![Trump has shared tales of courtroom spectacles with supporters. The reality is much more subdued](https://media.cnn.com/api/v1/images/stellar/prod/gettyimages-2149281103.jpg?c=16x9&q=w_800,c_fill)
Trump has shared tales of courtroom spectacles with supporters. The reality is much more subdued
CNN
Former President Donald Trump’s dramatized retellings of his legal peril to supporters have veered considerably from the events actually unfolding in the courtroom.

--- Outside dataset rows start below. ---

(* Let $r,k\geq 2$ be integers. Then $0\in D_{r,k}$, and whenever $d,d'\in D_{r,k}$ we have $d+d'\in D_{r,k}$.
   Context: For positive integers $v,b,r,k$, a $(v,b,r,k)$-configuration is a connected bipartite graph with $v$ vertices on one side, each of degree $r$, and $b$ vertices on the other side, each of degree $k$, containing no cycle of length $4$. By convention the empty graph (with $v=b=0$) is also regarded as a configuration. A tuple $(v,b,r,k)$ is configurable if a $(v,b,r,k)$-configuration exists. Let $\mathbb{N}_0=\{0,1,2,\dots\}$ and define $$D_{r,k}=\left\{d\in\mathbb{N}_0:\left(d\tfrac{k}{\gcd(r,k)},\,d\tfrac{r}{\gcd(r,k)},\,r,\,k\right)\text{ is configurable}\right\}.$$ *)

theory Defs
  imports Main
begin

text \<open>Vertices are represented by natural numbers;
  the two sides are kept disjoint via the Inl/Inr tagging in the vertex set.\<close>

definition cfg_vertices :: "nat set \<Rightarrow> nat set \<Rightarrow> (nat + nat) set" where
  "cfg_vertices P B = Inl ` P \<union> Inr ` B"

definition cfg_adj :: "(nat \<times> nat) set \<Rightarrow> ((nat + nat) \<times> (nat + nat)) set" where
  "cfg_adj I = {(Inl p, Inr x) | p x. (p, x) \<in> I} \<union> {(Inr x, Inl p) | p x. (p, x) \<in> I}"

definition cfg_connected :: "nat set \<Rightarrow> nat set \<Rightarrow> (nat \<times> nat) set \<Rightarrow> bool" where
  "cfg_connected P B I \<longleftrightarrow>
     (\<forall>u \<in> cfg_vertices P B. \<forall>w \<in> cfg_vertices P B. (u, w) \<in> (cfg_adj I)\<^sup>*)"

definition no_C4 :: "(nat \<times> nat) set \<Rightarrow> bool" where
  "no_C4 I \<longleftrightarrow> \<not> (\<exists>p1 p2 x1 x2. p1 \<noteq> p2 \<and> x1 \<noteq> x2 \<and>
       (p1, x1) \<in> I \<and> (p1, x2) \<in> I \<and> (p2, x1) \<in> I \<and> (p2, x2) \<in> I)"

definition is_configuration ::
  "nat \<Rightarrow> nat \<Rightarrow> nat \<Rightarrow> nat \<Rightarrow> nat set \<Rightarrow> nat set \<Rightarrow> (nat \<times> nat) set \<Rightarrow> bool" where
  "is_configuration v b r k P B I \<longleftrightarrow>
     finite P \<and> finite B \<and> I \<subseteq> P \<times> B \<and> card P = v \<and> card B = b \<and>
     (\<forall>p \<in> P. card {x \<in> B. (p, x) \<in> I} = r) \<and>
     (\<forall>x \<in> B. card {p \<in> P. (p, x) \<in> I} = k) \<and>
     no_C4 I \<and> cfg_connected P B I"

text \<open>The empty graph (v = b = 0) satisfies this definition, matching the convention.\<close>
definition configurable :: "nat \<Rightarrow> nat \<Rightarrow> nat \<Rightarrow> nat \<Rightarrow> bool" where
  "configurable v b r k \<longleftrightarrow> (\<exists>P B I. is_configuration v b r k P B I)"

definition D_set :: "nat \<Rightarrow> nat \<Rightarrow> nat set" where
  "D_set r k = {d. configurable (d * (k div gcd r k)) (d * (r div gcd r k)) r k}"

end

theory Submission imports Defs begin

text \<open>For sums we glue: a configuration with \<open>r, k \<ge> 2\<close> has minimum degree
  at least two, so it contains a cycle and hence an edge \<open>(p, x)\<close> that is not a bridge.
  Given two such configurations on disjoint vertex sets, with non-bridges \<open>(p, x)\<close> and
  \<open>(p', x')\<close>, replace these two edges by \<open>(p, x')\<close> and \<open>(p', x)\<close>: all degrees are kept,
  each half stays connected and the new edges join the halves, and a 4-cycle would have to use
  both new edges together with the deleted edge \<open>(p, x)\<close>.\<close>

section \<open>Non-bridges in graphs of minimum degree two\<close>

text \<open>Here \<open>E\<close> is a symmetric edge relation given by its arcs; the hypothesis \<open>deg\<close> says that
  every walk can be continued without immediately turning back.  Take an arc \<open>(u, w)\<close> for
  which the part reachable from \<open>w\<close> without using \<open>{u, w}\<close> is smallest; if \<open>{w, z}\<close>
  (\<open>z \<noteq> u\<close>) were a bridge too, that part would shrink.\<close>

lemma exists_non_bridge:
  fixes E :: "('a \<times> 'a) set"
  assumes fin: "finite V" and EV: "E \<subseteq> V \<times> V" and ne: "E \<noteq> {}"
    and irrefl: "\<And>u. (u, u) \<notin> E"
    and deg: "\<And>u w. (u, w) \<in> E \<Longrightarrow> \<exists>z. (w, z) \<in> E \<and> z \<noteq> u"
  shows "\<exists>u w. (u, w) \<in> E \<and> (w, u) \<in> (E - {(u, w), (w, u)})\<^sup>*"
proof (rule ccontr)
  assume no_cycle: "\<not> ?thesis"
  define S where "S u w = {y. (w, y) \<in> (E - {(u, w), (w, u)})\<^sup>*}" for u w
  have S_finite: "finite (S u w)" if "(u, w) \<in> E" for u w
  proof (rule finite_subset[OF _ fin], rule subsetI)
    fix y assume "y \<in> S u w"
    then have "(w, y) \<in> (E - {(u, w), (w, u)})\<^sup>*" by (simp add: S_def)
    then show "y \<in> V" using that EV by (induction rule: rtrancl_induct) auto
  qed
  obtain u w where uw: "(u, w) \<in> E"
    and uw_min: "\<And>u' w'. (u', w') \<in> E \<Longrightarrow> card (S u w) \<le> card (S u' w')"
    using ex_has_least_nat[of "\<lambda>(u, w). (u, w) \<in> E" _ "\<lambda>(u, w). card (S u w)"] ne
    by fastforce
  obtain z where wz: "(w, z) \<in> E" "z \<noteq> u" using deg uw by blast
  have wz_bridge: "(z, w) \<notin> (E - {(w, z), (z, w)})\<^sup>*" using no_cycle wz(1) by blast
  have "S w z \<subseteq> S u w"
  proof
    fix y assume "y \<in> S w z"
    then have "(z, y) \<in> (E - {(w, z), (z, w)})\<^sup>*" by (simp add: S_def)
    then have "(w, y) \<in> (E - {(u, w), (w, u)})\<^sup>*"
    proof (induction rule: rtrancl_induct)
      case base
      then show ?case using wz by auto
    next
      case (step y1 y2)
      have "(y1, y2) \<in> E - {(u, w), (w, u)}"
      proof (rule ccontr)
        assume "(y1, y2) \<notin> E - {(u, w), (w, u)}"
        then have "(y1, y2) = (u, w) \<or> (y1, y2) = (w, u)" using step by auto
        then have "(z, w) \<in> (E - {(w, z), (z, w)})\<^sup>*"
          using step irrefl[of u] wz(2) by (auto intro: rtrancl_into_rtrancl)
        then show False using wz_bridge by blast
      qed
      then show ?case using step by (meson rtrancl.rtrancl_into_rtrancl)
    qed
    then show "y \<in> S u w" by (simp add: S_def)
  qed
  moreover have "w \<in> S u w" "w \<notin> S w z" using wz_bridge by (auto simp: S_def)
  ultimately have "card (S w z) < card (S u w)"
    using S_finite[OF uw] by (metis psubset_card_mono psubsetI)
  then show False using uw_min[OF wz(1)] by simp
qed

lemma cfg_adj_converse [simp]: "(cfg_adj I)\<inverse> = cfg_adj I"
  unfolding cfg_adj_def by auto

lemma cfg_adj_rtrancl_sym: "(u, w) \<in> (cfg_adj I)\<^sup>* \<Longrightarrow> (w, u) \<in> (cfg_adj I)\<^sup>*"
  using rtrancl_converseI[of u w "cfg_adj I"] by simp

lemma cfg_adj_Diff_edge: "cfg_adj (I - {(p, x)}) = cfg_adj I - {(Inl p, Inr x), (Inr x, Inl p)}"
  unfolding cfg_adj_def by auto

lemma cfg_adj_mono: "I \<subseteq> J \<Longrightarrow> cfg_adj I \<subseteq> cfg_adj J"
  unfolding cfg_adj_def by auto

lemma cfg_connectedI_root:
  assumes "\<And>u. u \<in> cfg_vertices P B \<Longrightarrow> (u, c) \<in> (cfg_adj I)\<^sup>*"
  shows "cfg_connected P B I"
  unfolding cfg_connected_def
  using assms by (meson cfg_adj_rtrancl_sym rtrancl_trans)

lemma cfg_connected_Un:
  assumes con1: "cfg_connected P1 B1 I1" and con2: "cfg_connected P2 B2 I2"
    and sub: "I1 \<union> I2 \<union> {(p, x)} \<subseteq> I" and p: "p \<in> P1" and x: "x \<in> B2"
  shows "cfg_connected (P1 \<union> P2) (B1 \<union> B2) I"
proof (rule cfg_connectedI_root)
  have mono: "(cfg_adj I1)\<^sup>* \<subseteq> (cfg_adj I)\<^sup>*" "(cfg_adj I2)\<^sup>* \<subseteq> (cfg_adj I)\<^sup>*"
    using sub by (intro rtrancl_mono cfg_adj_mono; blast)+
  have bridge: "(Inr x, Inl p) \<in> cfg_adj I" using sub unfolding cfg_adj_def by auto
  fix u assume "u \<in> cfg_vertices (P1 \<union> P2) (B1 \<union> B2)"
  then have "u \<in> cfg_vertices P1 B1 \<or> u \<in> cfg_vertices P2 B2"
    unfolding cfg_vertices_def by auto
  moreover have "Inl p \<in> cfg_vertices P1 B1" "Inr x \<in> cfg_vertices P2 B2"
    using p x unfolding cfg_vertices_def by auto
  ultimately show "(u, Inl p) \<in> (cfg_adj I)\<^sup>*"
    using con1 con2 mono bridge unfolding cfg_connected_def
    by (meson rtrancl.rtrancl_into_rtrancl subsetD)
qed

lemma ex_neq_if_card_ge_2:
  assumes "finite A" "card A \<ge> 2" shows "\<exists>y\<in>A. y \<noteq> a"
  using assms by (metis card_le_Suc0_iff_eq nat_le_linear not_less_eq_eq numeral_2_eq_2)

lemma mem_cfg_adj_cases:
  assumes "(u, w) \<in> cfg_adj I"
  obtains p x where "(p, x) \<in> I" "u = Inl p" "w = Inr x"
    | p x where "(p, x) \<in> I" "u = Inr x" "w = Inl p"
  using assms unfolding cfg_adj_def by blast

lemma configuration_non_bridge:
  assumes cfg: "is_configuration v b r k P B I" and r: "r \<ge> 2" and k: "k \<ge> 2"
    and ne: "P \<noteq> {}"
  obtains p x where "(p, x) \<in> I" and "cfg_connected P B (I - {(p, x)})"
proof -
  from cfg have fin: "finite P" "finite B" and IPB: "I \<subseteq> P \<times> B"
    and deg_points: "\<forall>p \<in> P. card {x \<in> B. (p, x) \<in> I} = r"
    and deg_blocks: "\<forall>x \<in> B. card {p \<in> P. (p, x) \<in> I} = k"
    and con: "cfg_connected P B I"
    unfolding is_configuration_def by auto
  have other_block: "\<exists>y. (q, y) \<in> I \<and> y \<noteq> a" if "q \<in> P" for q a
    using ex_neq_if_card_ge_2[of "{x \<in> B. (q, x) \<in> I}" a] deg_points that r fin by auto
  have other_point: "\<exists>y. (y, q) \<in> I \<and> y \<noteq> a" if "q \<in> B" for q a
    using ex_neq_if_card_ge_2[of "{p \<in> P. (p, q) \<in> I}" a] deg_blocks that k fin by auto
  let ?E = "cfg_adj I"
  have "finite (cfg_vertices P B)" using fin unfolding cfg_vertices_def by auto
  moreover have "?E \<subseteq> cfg_vertices P B \<times> cfg_vertices P B"
    using IPB unfolding cfg_adj_def cfg_vertices_def by auto
  moreover obtain p0 x0 where "(p0, x0) \<in> I" using ne other_block by blast
  then have "?E \<noteq> {}" unfolding cfg_adj_def by blast
  moreover have "(u, u) \<notin> ?E" for u unfolding cfg_adj_def by auto
  moreover have "\<exists>z. (w, z) \<in> ?E \<and> z \<noteq> u" if "(u, w) \<in> ?E" for u w
    using that
  proof (cases rule: mem_cfg_adj_cases)
    case (1 p x)
    then obtain y where "(y, x) \<in> I" "y \<noteq> p" using other_point IPB by blast
    then show ?thesis using 1 unfolding cfg_adj_def by blast
  next
    case (2 p x)
    then obtain y where "(p, y) \<in> I" "y \<noteq> x" using other_block IPB by blast
    then show ?thesis using 2 unfolding cfg_adj_def by blast
  qed
  ultimately obtain u w where uw: "(u, w) \<in> ?E" "(w, u) \<in> (?E - {(u, w), (w, u)})\<^sup>*"
    using exists_non_bridge by metis
  obtain p x where px: "(p, x) \<in> I" and cycle: "(Inr x, Inl p) \<in> (cfg_adj (I - {(p, x)}))\<^sup>*"
    using uw(1)
  proof (cases rule: mem_cfg_adj_cases)
    case (1 p x)
    then show thesis using that uw(2) unfolding cfg_adj_Diff_edge by blast
  next
    case (2 p x)
    then have "(Inl p, Inr x) \<in> (cfg_adj (I - {(p, x)}))\<^sup>*"
      using uw(2) unfolding cfg_adj_Diff_edge by (simp add: insert_commute)
    then show thesis using that 2 cfg_adj_rtrancl_sym by blast
  qed
  have "?E \<subseteq> (cfg_adj (I - {(p, x)}))\<^sup>*"
    using cycle cfg_adj_rtrancl_sym[OF cycle] unfolding cfg_adj_Diff_edge by blast
  then have "?E\<^sup>* \<subseteq> (cfg_adj (I - {(p, x)}))\<^sup>*" by (rule rtrancl_subset_rtrancl)
  then show thesis using that px con unfolding cfg_connected_def by blast
qed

An email Monday night from Donald Trump – subject line: “My farewell message” – carried a fateful warning to his backers. “Tomorrow is my GAG ORDER hearing,” it read. “If things don’t go our way, I could be thrown in jail.” Ominous? Certainly. Dubious? Yes, that too. Trump faced little risk of ending up behind bars Tuesday. Rather, the prosecution in his hush money trial wanted the former president to pay a modest $1,000 for violations of a court order against attacking witnesses, the district attorney and others involved with his case. They suggested 10 fines. At the end of Tuesday’s hearing, the judge had held off on making a decision for now. Throughout the first six days of his trial, Trump’s dramatized retellings of his legal peril have veered considerably from the events actually unfolding in and around Manhattan’s criminal courthouse. In social media posts and in fundraising pitches, a frantic Trump shares tales of courtroom spectacles and plots against him, untethered from the subdued – and sometimes sleepy – rhythms of the criminal justice system in motion. In one fundraising email on the first day of his trial, Trump claimed he “stormed out” of the proceedings. Reporters in the courtroom observed no such animations during the former president’s exit, but that didn’t stop Trump from repeating the falsehood in an email Friday.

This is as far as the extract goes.